The removal of a condition of tapu from place or person was an act that involved some peculiar ceremonies and the recitation of certain formulae. These acts of purification were deemed to be of great importance, and indeed were absolutely necessary, so genuine was the belief in the powers of supernormal beings. The ceremonial lifting of tapu from a newly constructed fortified village or a new house was an impressive act, and included some remarkable ritual chants. The release of a bird during such a rite finds its parallel in India, and tapu was a marked feature of the cultus of Zoroaster, as it is of Indian religions.
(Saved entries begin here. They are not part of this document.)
lemma orthonormal_frame_exists:
  assumes "inner_product_sig g p q"
  obtains u v where "orthonormal_frame g p q u v"
proof -
  have g: "sym_bilinear g" using assms by (rule inner_product_sig_sym_bilinear)
  obtain U where U: "subspace U" "neg_def_on g U" "dim U = p"
    using assms unfolding inner_product_sig_def has_signature_def by auto
  obtain W where W: "subspace W" "pos_def_on g W" "dim W = q"
    using assms unfolding inner_product_sig_def has_signature_def by auto
  obtain u where u: "\<And>i. i < p \<Longrightarrow> u i \<in> U" "\<And>i. i < p \<Longrightarrow> - g (u i) (u i) = 1"
    "orthogonal_family (\<lambda>x y. - g x y) u p"
    by (rule pos_def_orthonormal_family[OF sym_bilinear_neg[OF g] U(1), where k = p])
      (use U(2,3) in \<open>auto simp: neg_def_on_iff_pos_def_on_neg\<close>)
  have u': "orthogonal_family g u p" "\<And>i. i < p \<Longrightarrow> g (u i) (u i) = -1"
    using u by (auto simp: orthogonal_family_neg)
  obtain S where S: "subspace S" "pos_def_on g S" "dim S = q" "\<And>x i. x \<in> S \<Longrightarrow> i < p \<Longrightarrow> g (u i) x = 0"
    using pos_def_subspace_orthogonal_to_timelike[OF g u' W(1,2)] W(3) by metis
  obtain v where v: "\<And>j. j < q \<Longrightarrow> v j \<in> S" "\<And>j. j < q \<Longrightarrow> g (v j) (v j) = 1" "orthogonal_family g v q"
    by (rule pos_def_orthonormal_family[OF g S(1,2), where k = q]) (use S(3) in auto)
  show thesis
    by (rule that) (use u' v S(4) in \<open>auto simp: orthonormal_frame_def\<close>)
qed

definition pair_independent :: "real^('n::finite) \<Rightarrow> real^'n \<Rightarrow> bool" where
  "pair_independent a b \<longleftrightarrow> (\<forall>s t. s *\<^sub>R a + t *\<^sub>R b = 0 \<longrightarrow> s = 0 \<and> t = 0)"

lemma plane_of_sig_iff:
  "plane_of_sig g a b e1 e2 \<longleftrightarrow> pair_independent e1 e2 \<and> has_signature g (span {e1, e2}) a b"
  unfolding plane_of_sig_def pair_independent_def ..

lemma pair_independent_commute: "pair_independent a b \<Longrightarrow> pair_independent b a"
  unfolding pair_independent_def by (metis add.commute)

lemma pair_independent_nonzero:
  assumes "pair_independent a b"
  shows "a \<noteq> 0" "b \<noteq> 0"
proof -
  have "1 *\<^sub>R a + 0 *\<^sub>R b \<noteq> 0" "0 *\<^sub>R a + 1 *\<^sub>R b \<noteq> 0"
    using assms unfolding pair_independent_def by (metis zero_neq_one)+
  then show "a \<noteq> 0" "b \<noteq> 0" by auto
qed

lemma pair_independent_dim_span:
  assumes "pair_independent a b"
  shows "dim (span {a, b}) = 2"
proof -
  have "a \<notin> span {b}"
  proof
    assume "a \<in> span {b}"
    then obtain t where "a = t *\<^sub>R b" by (auto simp: span_singleton)
    then have "1 *\<^sub>R a + (- t) *\<^sub>R b = 0" by simp
    then show False using assms unfolding pair_independent_def by fastforce
  qed
  then show ?thesis using pair_independent_nonzero[OF assms] by (simp add: dim_insert)
qed

lemma span_pair_obtain:
  assumes "x \<in> span {a, b}"
  obtains s t where "x = s *\<^sub>R a + t *\<^sub>R b"
proof -
  obtain s where "x - s *\<^sub>R a \<in> span {b}" using assms span_breakdown_eq by blast
  then obtain t where "x - s *\<^sub>R a = t *\<^sub>R b" by (auto simp: span_singleton)
  then show thesis using that by (metis diff_add_cancel add.commute)
qed

lemma span_pair_mem: "s *\<^sub>R a + t *\<^sub>R b \<in> span {a, b}"
  by (intro span_add span_mul span_base) auto

lemma orthogonal_pair_plane:
  assumes g: "sym_bilinear g" and "g e1 e2 = 0" "g e1 e1 \<noteq> 0" "g e2 e2 \<noteq> 0"
  shows "pair_independent e1 e2" "nondeg_on g (span {e1, e2})"
    "g (s *\<^sub>R e1 + t *\<^sub>R e2) (s *\<^sub>R e1 + t *\<^sub>R e2) = s\<^sup>2 * g e1 e1 + t\<^sup>2 * g e2 e2"
proof -
  have pairing: "g (s *\<^sub>R e1 + t *\<^sub>R e2) e1 = s * g e1 e1"
    "g (s *\<^sub>R e1 + t *\<^sub>R e2) e2 = t * g e2 e2" for s t
    using assms sym_bilinear_commute[OF g, of e2 e1] by (simp_all add: sym_bilinear_simps)
  show "pair_independent e1 e2" unfolding pair_independent_def
  proof (intro allI impI)
    fix s t assume "s *\<^sub>R e1 + t *\<^sub>R e2 = 0"
    then have "s * g e1 e1 = 0" "t * g e2 e2 = 0"
      using pairing[of s t] by (simp_all add: sym_bilinear_simps[OF g])
    then show "s = 0 \<and> t = 0" using assms by simp
  qed
  show "nondeg_on g (span {e1, e2})" unfolding nondeg_on_def
  proof (intro ballI impI)
    fix x assume "x \<in> span {e1, e2}" and x: "\<forall>y\<in>span {e1, e2}. g x y = 0"
    obtain s t where "x = s *\<^sub>R e1 + t *\<^sub>R e2"
      using \<open>x \<in> span {e1, e2}\<close> by (rule span_pair_obtain)
    moreover have "g x e1 = 0" "g x e2 = 0" using x by (auto intro: span_base)
    ultimately have "s * g e1 e1 = 0" "t * g e2 e2 = 0" using pairing by metis+
    then show "x = 0" using assms \<open>x = s *\<^sub>R e1 + t *\<^sub>R e2\<close> by simp
  qed
  show "g (s *\<^sub>R e1 + t *\<^sub>R e2) (s *\<^sub>R e1 + t *\<^sub>R e2) = s\<^sup>2 * g e1 e1 + t\<^sup>2 * g e2 e2"
    using pairing by (simp add: sym_bilinear_simps(2,6)[OF g] power2_eq_square)
qed

lemma spacelike_pair_plane:
  assumes g: "sym_bilinear g" and o: "g e1 e2 = 0" and "g e1 e1 = 1" "g e2 e2 = 1"
  shows "plane_of_sig g 0 2 e1 e2"
proof -
  note pair = orthogonal_pair_plane[OF g o, unfolded assms(3,4), OF one_neq_zero one_neq_zero]
  have "pos_def_on g (span {e1, e2})" unfolding pos_def_on_def
  proof (intro ballI impI)
    fix x assume "x \<in> span {e1, e2}" "x \<noteq> 0"
    moreover obtain s t where x: "x = s *\<^sub>R e1 + t *\<^sub>R e2"
      using \<open>x \<in> span {e1, e2}\<close> by (rule span_pair_obtain)
    ultimately have "s\<^sup>2 + t\<^sup>2 > 0" by (auto simp: sum_power2_gt_zero_iff)
    then show "g x x > 0" using x pair(3) by simp
  qed
  then have "has_signature g (span {e1, e2}) 0 2"
    using pos_def_has_signature[OF subspace_span] pair_independent_dim_span[OF pair(1)] by metis
  then show ?thesis using pair(1) by (simp add: plane_of_sig_iff)
qed

lemma timelike_pair_plane:
  assumes "sym_bilinear g" "g e1 e2 = 0" "g e1 e1 = -1" "g e2 e2 = -1"
  shows "plane_of_sig g 2 0 e1 e2"
proof -
  have "plane_of_sig (\<lambda>x y. - g x y) 0 2 e1 e2"
    by (rule spacelike_pair_plane[OF sym_bilinear_neg[OF assms(1)]]) (use assms(2-4) in simp_all)
  then show ?thesis by (simp add: plane_of_sig_def has_signature_neg)
qed

lemma mixed_pair_plane:
  assumes g: "sym_bilinear g" and o: "g e1 e2 = 0" and e1: "g e1 e1 = -1" and e2: "g e2 e2 = 1"
  shows "plane_of_sig g 1 1 e1 e2"
proof -
  note pair = orthogonal_pair_plane[OF g o, unfolded e1 e2, OF neg_one_neq_zero one_neq_zero]
  have nz: "e1 \<noteq> 0" "e2 \<noteq> 0" using pair_independent_nonzero[OF pair(1)] .
  have dim1: "dim (span {e}) = 1" if "e \<noteq> 0" for e :: "real^'n"
    using that by (simp add: dim_insert)
  have sub: "span {e1} \<subseteq> span {e1, e2}" "span {e2} \<subseteq> span {e1, e2}" by (simp_all add: span_mono)
  have "neg_def_on g (span {e1})" "pos_def_on g (span {e2})"
    using e1 e2 g by (auto simp: neg_def_on_def pos_def_on_def span_singleton sym_bilinear_simps
        not_square_less_zero zero_less_mult_iff)
  have whole: "span {e1, e2} \<subseteq> U" if "subspace U" "U \<subseteq> span {e1, e2}" "\<not> dim U \<le> 1" for U
    using dim_eq_span[OF that(2)] pair_independent_dim_span[OF pair(1)] that(1,3)
    by (simp add: span_eq_iff[THEN iffD2])
  have "e1 \<in> U" "e2 \<in> U" if "span {e1, e2} \<subseteq> U" for U
    using that by (auto intro: span_base)
  then have "\<not> neg_def_on g U" "\<not> pos_def_on g U" if "span {e1, e2} \<subseteq> U" for U
    using that nz e1 e2 unfolding neg_def_on_def pos_def_on_def by force+
  have "has_signature g (span {e1, e2}) 1 1"
    unfolding has_signature_def
  proof (intro conjI)
    show "\<exists>U. subspace U \<and> U \<subseteq> span {e1, e2} \<and> neg_def_on g U \<and> dim U = 1"
      using \<open>neg_def_on g (span {e1})\<close> sub dim1[OF nz(1)] by (intro exI[of _ "span {e1}"]) auto
    show "\<exists>U. subspace U \<and> U \<subseteq> span {e1, e2} \<and> pos_def_on g U \<and> dim U = 1"
      using \<open>pos_def_on g (span {e2})\<close> sub dim1[OF nz(2)] by (intro exI[of _ "span {e2}"]) auto
    show "\<forall>U. subspace U \<and> U \<subseteq> span {e1, e2} \<and> neg_def_on g U \<longrightarrow> dim U \<le> 1"
      using whole \<open>\<And>U. span {e1, e2} \<subseteq> U \<Longrightarrow> \<not> neg_def_on g U\<close> by blast
    show "\<forall>U. subspace U \<and> U \<subseteq> span {e1, e2} \<and> pos_def_on g U \<longrightarrow> dim U \<le> 1"
      using whole \<open>\<And>U. span {e1, e2} \<subseteq> U \<Longrightarrow> \<not> pos_def_on g U\<close> by blast
  qed (use pair(2) in auto)
  then show ?thesis using pair(1) by (simp add: plane_of_sig_iff)
qed

lemma plane_of_sig_gram_nonzero:
  assumes g: "sym_bilinear g" and "plane_of_sig g a b e1 e2"
  shows "g e1 e1 * g e2 e2 - (g e1 e2)\<^sup>2 \<noteq> 0"
proof
  assume gram: "g e1 e1 * g e2 e2 - (g e1 e2)\<^sup>2 = 0"
  have ind: "pair_independent e1 e2" and nd: "nondeg_on g (span {e1, e2})"
    using assms(2) by (auto simp: plane_of_sig_iff has_signature_def)
  have radical: "x = 0" if "x \<in> span {e1, e2}" "g x e1 = 0" "g x e2 = 0" for x
  proof -
    have "g x y = 0" if y: "y \<in> span {e1, e2}" for y
    proof -
      obtain s t where "y = s *\<^sub>R e1 + t *\<^sub>R e2" using y by (rule span_pair_obtain)
      then show ?thesis using \<open>g x e1 = 0\<close> \<open>g x e2 = 0\<close> by (simp add: sym_bilinear_simps[OF g])
    qed
    then show ?thesis using nd that(1) unfolding nondeg_on_def by blast
  qed
  define x where "x = g e2 e2 *\<^sub>R e1 + (- g e1 e2) *\<^sub>R e2"
  have "g x e1 = 0" "g x e2 = 0"
    using gram sym_bilinear_commute[OF g, of e2 e1] unfolding x_def
    by (simp_all add: sym_bilinear_simps[OF g] power2_eq_square algebra_simps)
  moreover have "x \<in> span {e1, e2}" unfolding x_def by (rule span_pair_mem)
  ultimately have "x = 0" by (rule radical[rotated])
  then have "g e2 e2 = 0 \<and> - g e1 e2 = 0" using ind unfolding x_def pair_independent_def by blast
  then have "g e2 e2 = 0" "g e1 e2 = 0" by simp_all
  then have "e2 = 0"
    using radical[of e2] sym_bilinear_commute[OF g, of e2 e1] by (simp add: span_base)
  then show False using pair_independent_nonzero[OF ind] by simp
qed

lemma spacelike_plane_pos_def:
  assumes "plane_of_sig g 0 2 e1 e2"
  shows "pos_def_on g (span {e1, e2})"
proof -
  obtain U where U: "subspace U" "U \<subseteq> span {e1, e2}" "pos_def_on g U" "dim U = 2"
    using assms unfolding plane_of_sig_def has_signature_def by blast
  have "dim (span {e1, e2}) = 2"
    using assms pair_independent_dim_span by (auto simp: plane_of_sig_iff)
  then have "span {e1, e2} \<subseteq> U"
    using dim_eq_span[OF U(2)] U(1,4) by (simp add: span_eq_iff[THEN iffD2])
  then show ?thesis using U(3) unfolding pos_def_on_def by blast
qed

lemma timelike_plane_neg_def:
  assumes "plane_of_sig g 2 0 e1 e2"
  shows "neg_def_on g (span {e1, e2})"
  using spacelike_plane_pos_def[of "\<lambda>x y. - g x y"] assms
  by (simp add: plane_of_sig_def has_signature_neg neg_def_on_iff_pos_def_on_neg)

section \<open>Curvature tensors of isotropic self-adjoint operators\<close>

definition curv_of_form :: "('n::finite) form \<Rightarrow> real^'n \<Rightarrow> real^'n \<Rightarrow> real^'n \<Rightarrow> real^'n \<Rightarrow> real" where
  "curv_of_form B x y z w = B y z * B x w - B x z * B y w"

lemma alg_curv_tensor_curv_of_form:
  assumes "sym_bilinear B"
  shows "alg_curv_tensor (curv_of_form B)"
  using sym_bilinear_commute[OF assms]
  unfolding alg_curv_tensor_def curv_of_form_def
  by (intro conjI allI linearI) (simp_all add: sym_bilinear_simps[OF assms] algebra_simps)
The condition of tapu of so pronounced a form as to prevent a person touching food with his hands was not an uncommon occurrence in Maoriland. Such a person was helpless at meal-times, and had to be fed by another, while he had to be particularly careful to avoid pollution of his tapu, a misfortune that might entail the most serious consequences. The head was the most tapu part of a person, and should a very tapu person happen to scratch his head with his fingers, that hand at once became useless, and could not be used until purified—i.e., rendered noa, or free of tapu. If such a person blew a fire in order to make it burn, that fire was thereby rendered tapu, and could not be used for any ordinary purposes. Tapu represents the mana or power of the gods, and is not to be trifled with. It may be said to have possessed a moral force that no other system or institution could have exerted. Montgomery puts this well in his Religions, Past and Present: “Taboo is an important aspect of the phenomena of religion, influencing primitive ethical and social behaviour in general to an extent that makes it in some regions as broad a concept as that of religion itself.”

Early visitors to New Zealand were often entertained by the vagaries of tapu natives, and others who respected the rules of tapu. In many cases Europeans seriously offended natives by unwittingly disregarding such rules. Dr. Savage noted how natives objected to passing along the page 85 tween-decks of the ships where nets containing potatoes were slung overhead. A native on board Marsden's vessel had a plate of rice, a spoon, and a pot of tea placed before him. He took spoonfuls of rice from the plate and emptied them into his hand, from which he ate it. He then poured the tea into his hand and so let it run into his mouth. By acting so he avoided making the vessels tapu, when it would have been necessary to destroy them or deposit them at some tapu place.

Tapu objects, or objects marking a tapu place, were often painted a red colour by the Maori, a custom that also obtained in India.